Leaving the determination up to our conscious awareness may actually get in the way since it will look for stereotypical signs of lying like avoiding eye contact or nervous behavior which are not always reliable signs of falsehoods, researchers at the University of California, Berkeley, said.

"Our research was prompted by the puzzling but consistent finding that humans are very poor lie detectors, performing at only about 54 percent accuracy in traditional lie detection tasks," not a better result than sheer guessing, Berkeley scientist and study author Leanne ten Brinke said.

While humans are usually pretty good at sensing how others are expressing themselves, when it comes to sensing a lie that sensitivity in the conscious awareness somehow fails us, the researchers said.

They set up an experiment in which participants viewed videos of "suspects" being interviewed about a staged "crime," some of which had been instructed to take some money from a bookshelf but were told to deny it, while others had not taken the bill and would also deny it.

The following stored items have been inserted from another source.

text \<open>The exponential of an inner-product kernel is the limit of its Taylor partial sums, each a
  positive combination of powers of that kernel.\<close>

lemma pos_semidef_kernel_exp_inner:
  assumes fin: "finite J"
  shows "pos_semidef_kernel (\<lambda>p q. h p * h q * exp (\<Sum>j\<in>J. w j p * w j q))"
proof -
  let ?B = "\<lambda>p q. (\<Sum>j\<in>J. w j p * w j q)"
  have "pos_semidef_kernel (\<lambda>p q. exp (?B p q))" unfolding pos_semidef_kernel_def
  proof (intro allI)
    fix n p and c :: "nat \<Rightarrow> real"
    have sums: "(\<lambda>N. \<Sum>i<n. \<Sum>k<n. c i * c k * (?B (p i) (p k) ^ N /\<^sub>R fact N))
          sums (\<Sum>i<n. \<Sum>k<n. c i * c k * exp (?B (p i) (p k)))"
      by (intro sums_sum sums_mult exp_converges)
    have partial_nonneg: "0 \<le> (\<Sum>i<n. \<Sum>k<n. c i * c k * (?B (p i) (p k) ^ N /\<^sub>R fact N))" for N
    proof -
      have "(\<Sum>i<n. \<Sum>k<n. c i * c k * (?B (p i) (p k) ^ N /\<^sub>R fact N))
         = (1 / fact N) * (\<Sum>i<n. \<Sum>k<n. c i * c k * ?B (p i) (p k) ^ N)"
        unfolding sum_distrib_left by (intro sum.cong refl) (simp add: divide_inverse)
      also have "\<dots> \<ge> 0"
        by (rule mult_nonneg_nonneg, simp, rule pos_semidef_kernelD[OF pos_semidef_kernel_inner_power[OF fin]])
      finally show ?thesis .
    qed
    show "0 \<le> (\<Sum>i<n. \<Sum>k<n. c i * c k * exp (?B (p i) (p k)))"
      by (rule sums_le[OF partial_nonneg sums_zero sums])
  qed
  from pos_semidef_kernel_scaled[OF this, of h] show ?thesis by (simp add: mult_ac)
qed

text \<open>Positivity of the kernel at the points \<open>p 0, \<dots>, p (n - 1), z\<close> with the coefficient
  vector \<open>(K\<^sup>-\<^sup>1 k, -1)\<close>, where \<open>k i = K z (p i)\<close>, yields \<open>1 - k\<^sup>T K\<^sup>-\<^sup>1 k \<ge> 0\<close>.\<close>

lemma pos_semidef_kernel_inverse_quadratic_le_1:
  fixes K :: "'a \<Rightarrow> 'a \<Rightarrow> real"
  assumes psd: "pos_semidef_kernel K" and sym: "\<And>a b. K a b = K b a" and diag: "K z z = 1"
    and inv: "is_inverse n (\<lambda>i k. K (p i) (p k)) Kinv"
  shows "(\<Sum>i<n. \<Sum>k<n. K z (p i) * Kinv i k * K z (p k)) \<le> 1"
proof -
  define kz where "kz i = K z (p i)" for i
  define c where "c i = (if i < n then \<Sum>l<n. Kinv i l * kz l else -1)" for i
  define Q where "Q = (\<Sum>i<n. \<Sum>k<n. kz i * Kinv i k * kz k)"
  have K_c: "(\<Sum>k<n. K (p i) (p k) * c k) = kz i" if "i < n" for i
  proof -
    have "(\<Sum>k<n. K (p i) (p k) * c k) = (\<Sum>k<n. \<Sum>l<n. K (p i) (p k) * Kinv k l * kz l)"
      by (simp add: c_def sum_distrib_left mult.assoc)
    also have "\<dots> = (\<Sum>l<n. (\<Sum>k<n. K (p i) (p k) * Kinv k l) * kz l)"
      by (subst sum.swap) (simp add: sum_distrib_right)
    also have "\<dots> = (\<Sum>l<n. if i = l then kz l else 0)"
      using inv that unfolding is_inverse_def by (intro sum.cong) auto
    finally show ?thesis using that by simp
  qed
  have c_kz: "(\<Sum>i<n. c i * kz i) = Q"
    by (simp add: Q_def c_def sum_distrib_left sum_distrib_right mult_ac)
  have c_K_c: "(\<Sum>i<n. \<Sum>k<n. c i * c k * K (p i) (p k)) = Q"
  proof -
    have "(\<Sum>i<n. \<Sum>k<n. c i * c k * K (p i) (p k)) = (\<Sum>i<n. c i * (\<Sum>k<n. K (p i) (p k) * c k))"
      by (simp add: sum_distrib_left mult_ac)
    then show ?thesis using K_c c_kz by simp
  qed
  define q where "q = p(n := z)"
  have "0 \<le> (\<Sum>i<Suc n. \<Sum>k<Suc n. c i * c k * K (q i) (q k))"
    by (rule pos_semidef_kernelD[OF psd])
  also have "\<dots> = (\<Sum>i<n. \<Sum>k<n. c i * c k * K (p i) (p k)) - 2 * (\<Sum>i<n. c i * kz i) + 1"
  proof -
    have q: "q i = p i" if "i \<in> {..<n}" for i using that by (simp add: q_def)
    have n: "q n = z" "c n = -1" by (simp_all add: q_def c_def)
    have "(\<Sum>i<Suc n. \<Sum>k<Suc n. c i * c k * K (q i) (q k))
        = (\<Sum>i<n. (\<Sum>k<n. c i * c k * K (q i) (q k)) + c i * c n * K (q i) (q n))
          + ((\<Sum>k<n. c n * c k * K (q n) (q k)) + c n * c n * K (q n) (q n))"
      by (simp only: sum.lessThan_Suc)
    also have "\<dots> = (\<Sum>i<n. (\<Sum>k<n. c i * c k * K (p i) (p k)) - c i * kz i)
          + (- (\<Sum>k<n. c k * kz k) + 1)"
    proof -
      have "(\<Sum>k<n. c i * c k * K (q i) (q k)) + c i * c n * K (q i) (q n)
          = (\<Sum>k<n. c i * c k * K (p i) (p k)) - c i * kz i" if "i \<in> {..<n}" for i
      proof -
        have "(\<Sum>k<n. c i * c k * K (q i) (q k)) = (\<Sum>k<n. c i * c k * K (p i) (p k))"
          using q that by (intro sum.cong) auto
        then show ?thesis using q[OF that] n by (simp add: kz_def sym[of "p i" z])
      qed
      moreover have "(\<Sum>k<n. c n * c k * K (q n) (q k)) = - (\<Sum>k<n. c k * kz k)"
        using q n by (simp add: kz_def sum_negf)
      ultimately show ?thesis using n diag by simp
    qed
    finally show ?thesis by (simp add: sum_subtractf)
  qed
  finally show ?thesis using c_K_c c_kz by (simp add: Q_def kz_def)
qed

section \<open>The squared-exponential kernels\<close>

lemma exp_neg_square_diff:
  assumes "(t::real) > 0"
  shows "exp (- ((a - b)\<^sup>2 / t))
    = exp (- (a\<^sup>2 / t)) * exp (- (b\<^sup>2 / t)) * exp ((sqrt (2/t) * a) * (sqrt (2/t) * b))"
proof -
  have "sqrt (2/t) * a * (sqrt (2/t) * b) = 2 * a * b / t"
    using assms by (simp add: algebra_simps)
  then show ?thesis
    unfolding mult_exp_exp using assms by (simp add: power2_eq_square field_simps)
qed

lemma sqexp_eq_exp_inner:
  assumes "\<forall>j. theta j > 0"
  shows "sqexp theta p q
    = (\<Prod>j\<in>UNIV. exp (- ((p $ j)\<^sup>2 / theta j))) * (\<Prod>j\<in>UNIV. exp (- ((q $ j)\<^sup>2 / theta j)))
      * exp (\<Sum>j\<in>UNIV. (sqrt (2/theta j) * (p $ j)) * (sqrt (2/theta j) * (q $ j)))"
  unfolding sqexp_def exp_sum[OF finite_class.finite_UNIV] prod.distrib[symmetric]
  by (rule prod.cong[OF refl]) (simp add: exp_neg_square_diff assms)

lemma sqexp_sym: "sqexp theta a b = sqexp theta b a"
  unfolding sqexp_def by (simp add: power2_commute)

lemma sqexp_same [simp]: "sqexp theta a a = 1"
  unfolding sqexp_def by simp

lemma sqexp_pos: "sqexp theta a b > 0"
  unfolding sqexp_def by (simp add: prod_pos)

lemma sqexp_le_1:
  assumes "\<forall>j. theta j > 0"
  shows "sqexp theta a b \<le> 1"
  unfolding sqexp_def using assms by (intro prod_le_1) (auto intro: divide_nonneg_pos)

lemma sqexp_mult_sqexp:
  "sqexp theta x p * sqexp theta x q
    = exp (- (\<Sum>j\<in>UNIV. ((x $ j - p $ j)\<^sup>2 + (x $ j - q $ j)\<^sup>2) / theta j))"
  unfolding sqexp_def exp_sum[OF finite_class.finite_UNIV, symmetric] mult_exp_exp
  by (simp add: sum_negf sum.distrib add_divide_distrib)

lemma pos_semidef_kernel_sqexp:
  assumes "\<forall>j. theta j > 0"
  shows "pos_semidef_kernel (sqexp theta)"
  using pos_semidef_kernel_exp_inner[OF finite_class.finite_UNIV,
      of "\<lambda>p. \<Prod>j\<in>UNIV. exp (- ((p $ j)\<^sup>2 / theta j))" "\<lambda>j p. sqrt (2/theta j) * (p $ j)"]
  by (simp add: sqexp_eq_exp_inner[OF assms, abs_def])

text \<open>The level-2 kernel is the squared-exponential kernel on inputs with one extra
  coordinate, indexed by \<open>None\<close>.\<close>

lemma K2fun_eq_sqexp:
  "K2fun theta thy p q
    = sqexp (case_option thy theta)
        (\<chi> j. case j of None \<Rightarrow> snd p | Some j \<Rightarrow> fst p $ j)
        (\<chi> j. case j of None \<Rightarrow> snd q | Some j \<Rightarrow> fst q $ j)"
  unfolding K2fun_def sqexp_def UNIV_option_conv
  by (simp add: prod.reindex)

lemma K2fun_sym: "K2fun theta thy a b = K2fun theta thy b a"
  unfolding K2fun_def by (simp add: power2_commute sqexp_sym)

lemma K2fun_same [simp]: "K2fun theta thy a a = 1"
  unfolding K2fun_def by simp

lemma abs_K2fun_le_1:
  assumes "\<forall>j. theta j > 0" and "thy > 0"
  shows "\<bar>K2fun theta thy a b\<bar> \<le> 1"
  using sqexp_pos[of theta] sqexp_le_1[OF assms(1)] assms(2)
  by (simp add: K2fun_def abs_mult mult_le_one less_imp_le)

lemma pos_semidef_kernel_K2fun:
  assumes "\<forall>j. theta j > 0" and "thy > 0"
  shows "pos_semidef_kernel (K2fun theta thy)"
proof -
  have "\<forall>j. case_option thy theta j > 0"
    using assms by (simp split: option.split)
  from pos_semidef_kernel_comp[OF pos_semidef_kernel_sqexp[OF this]]
  show ?thesis by (simp add: K2fun_eq_sqexp[abs_def])
qed

section \<open>Gaussian measures\<close>

lemma sets_gauss_measure [simp, measurable_cong]: "sets (gauss_measure m v) = sets borel"
  by (simp add: gauss_measure_def)

lemma prob_space_gauss_measure: "prob_space (gauss_measure m v)"
  by (simp add: gauss_measure_def prob_space_normal_density prob_space_return)

lemma has_bochner_integral_gauss_measure:
  fixes f :: "real \<Rightarrow> real"
  assumes "v > 0" and [measurable]: "f \<in> borel_measurable borel"
    and "has_bochner_integral lborel (\<lambda>w. normal_density m (sqrt v) w * f w) I"
  shows "has_bochner_integral (gauss_measure m v) f I"
  using assms by (simp add: gauss_measure_def has_bochner_integral_iff integral_density
      integrable_density)

lemma has_bochner_integral_gauss_measure_0:
  fixes f :: "real \<Rightarrow> real"
  assumes [measurable]: "f \<in> borel_measurable borel"
  shows "has_bochner_integral (gauss_measure m 0) f (f m)"
proof -
  have "(\<integral>\<^sup>+ w. ennreal (norm (f w)) \<partial>return lborel m) = ennreal (norm (f m))"
    by (rule nn_integral_return) auto
  then show ?thesis
    unfolding gauss_measure_def has_bochner_integral_iff
    by (auto intro: integrableI_bounded simp: integral_return)
qed

lemma has_bochner_integral_gauss_measure_square:
  assumes "v \<ge> 0"
  shows "has_bochner_integral (gauss_measure m v) (\<lambda>w. (w - c)\<^sup>2) (v + (m - c)\<^sup>2)"
proof (cases "v = 0")
  case True
  then show ?thesis using has_bochner_integral_gauss_measure_0[of "\<lambda>w. (w - c)\<^sup>2"] by simp
next
  case False
  then have v: "v > 0" using assms by simp
  define s where "s = sqrt v"
  have s: "s > 0" "s\<^sup>2 = v" using v by (auto simp: s_def)
  have "has_bochner_integral lborel (\<lambda>w. normal_density m s w * (w - m) ^ (2 * 1)
      + (2 * (m - c)) * (normal_density m s w * (w - m) ^ (2 * 0 + 1))
      + (m - c)\<^sup>2 * normal_density m s w)
      (s\<^sup>2 + (2 * (m - c)) * 0 + (m - c)\<^sup>2 * 1)"
    using normal_moment_even[OF s(1), of m 1] normal_moment_odd[OF s(1), of m 0]
      integral_normal_density[OF s(1)] integrable_normal_density[OF s(1)]
    by (intro has_bochner_integral_add has_bochner_integral_mult_right)
       (simp_all add: has_bochner_integral_iff)
  then have "has_bochner_integral lborel (\<lambda>w. normal_density m s w * (w - c)\<^sup>2) (v + (m - c)\<^sup>2)"
    by (rule has_bochner_integral_cong[THEN iffD1, rotated -1])
       (auto simp: s(2)[unfolded power2_eq_square] power2_eq_square algebra_simps)
  then show ?thesis
    by (intro has_bochner_integral_gauss_measure[OF v]) (simp_all add: s_def)
qed

lemma exponent_complete_square:
  fixes v c m a w :: real
  assumes "v > 0" and "c \<ge> 0"
  defines "t \<equiv> 1 + 2 * c * v"
  shows "- ((w - m)\<^sup>2 / (2 * v)) - c * (w - a)\<^sup>2
    = - (c * (m - a)\<^sup>2 / t) - (w - (m + 2 * c * v * a) / t)\<^sup>2 / (2 * (v / t))"
proof -
  have t: "t > 0" using assms by (simp add: t_def add_pos_nonneg)
  have "- ((w - m)\<^sup>2 / (2 * v)) - c * (w - a)\<^sup>2
      = (- t * (w - m)\<^sup>2 - 2 * c * v * t * (w - a)\<^sup>2) / (2 * v * t)"
    using assms(1) t by (simp add: field_simps)
  also have "\<dots> = (- 2 * c * v * (m - a)\<^sup>2 - (t * w - m - 2 * c * v * a)\<^sup>2) / (2 * v * t)"
    unfolding t_def by algebra
  also have "\<dots> = - (c * (m - a)\<^sup>2 / t) - (w - (m + 2 * c * v * a) / t)\<^sup>2 / (2 * (v / t))"
    using assms(1) t by (simp add: field_simps power2_eq_square)
  finally show ?thesis .
qed

lemma has_bochner_integral_gauss_measure_exp_square:
  assumes "v \<ge> 0" and "c \<ge> 0"
  shows "has_bochner_integral (gauss_measure m v) (\<lambda>w. exp (- (c * (w - a)\<^sup>2)))
    (exp (- (c * (m - a)\<^sup>2 / (1 + 2 * c * v))) / sqrt (1 + 2 * c * v))"
proof (cases "v = 0")
  case True
  then show ?thesis
    using has_bochner_integral_gauss_measure_0[of "\<lambda>w. exp (- (c * (w - a)\<^sup>2))"] by simp
next
  case False
  then have v: "v > 0" using assms by simp
  define t where "t = 1 + 2 * c * v"
  have t: "t > 0" using v assms by (simp add: t_def add_pos_nonneg)
  define m' where "m' = (m + 2 * c * v * a) / t"
  define C where "C = exp (- (c * (m - a)\<^sup>2 / t)) / sqrt t"
  have density: "normal_density m (sqrt v) w * exp (- (c * (w - a)\<^sup>2))
      = C * normal_density m' (sqrt (v / t)) w" for w
  proof -
    have "exp (- ((w - m)\<^sup>2 / (2 * v))) * exp (- (c * (w - a)\<^sup>2))
        = exp (- (c * (m - a)\<^sup>2 / t)) * exp (- ((w - m')\<^sup>2 / (2 * (v / t))))"
      unfolding mult_exp_exp
      using exponent_complete_square[OF v assms(2), of w m a] by (simp add: t_def m'_def)
    moreover have "sqrt (2 * pi * v) = sqrt t * sqrt (2 * pi * (v / t))"
      using t by (simp add: real_sqrt_mult[symmetric])
    ultimately show ?thesis
      using v t by (simp add: normal_density_def C_def)
  qed
  have "has_bochner_integral lborel (\<lambda>w. C * normal_density m' (sqrt (v / t)) w) (C * 1)"
    using v t integral_normal_density[of "sqrt (v / t)" m'] integrable_normal_density[of "sqrt (v / t)" m']
    by (intro has_bochner_integral_mult_right) (simp add: has_bochner_integral_iff)
  then show ?thesis
    by (intro has_bochner_integral_gauss_measure[OF v]) (simp_all add: density C_def t_def)
qed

When asked about which of the interviewees were telling a lie and which were expressing the truth, study participants were able to correctly identify liars from truth-tellers less than half the time.

However, when the researchers turned to some common tests that tracked reaction time to gauge study participants' more automatic responses to the interviewees' statements, the results were significant.

Using a technique known as the Implicit Association Test, they discovered participants were more likely to unconsciously react to words suggesting dishonesty such as "untruthful," "dishonest" and "deceitful" in the suspects who were lying, while reacting to words like "honest" or "valid" with the suspects who were not lying.

"We set out to test whether the unconscious mind could catch a liar -- even when the conscious mind failed," said ten Brinke who, along with colleagues Dayna Stimson and Dana Carney, has published the findings in Psychological Science, a journal of the Association for Psychological Science.

"These results provide a new lens through which to examine social perception, and suggest that -- at least in terms of detection of lies -- unconscious measures may provide additional insight into interpersonal accuracy," ten Brinke said.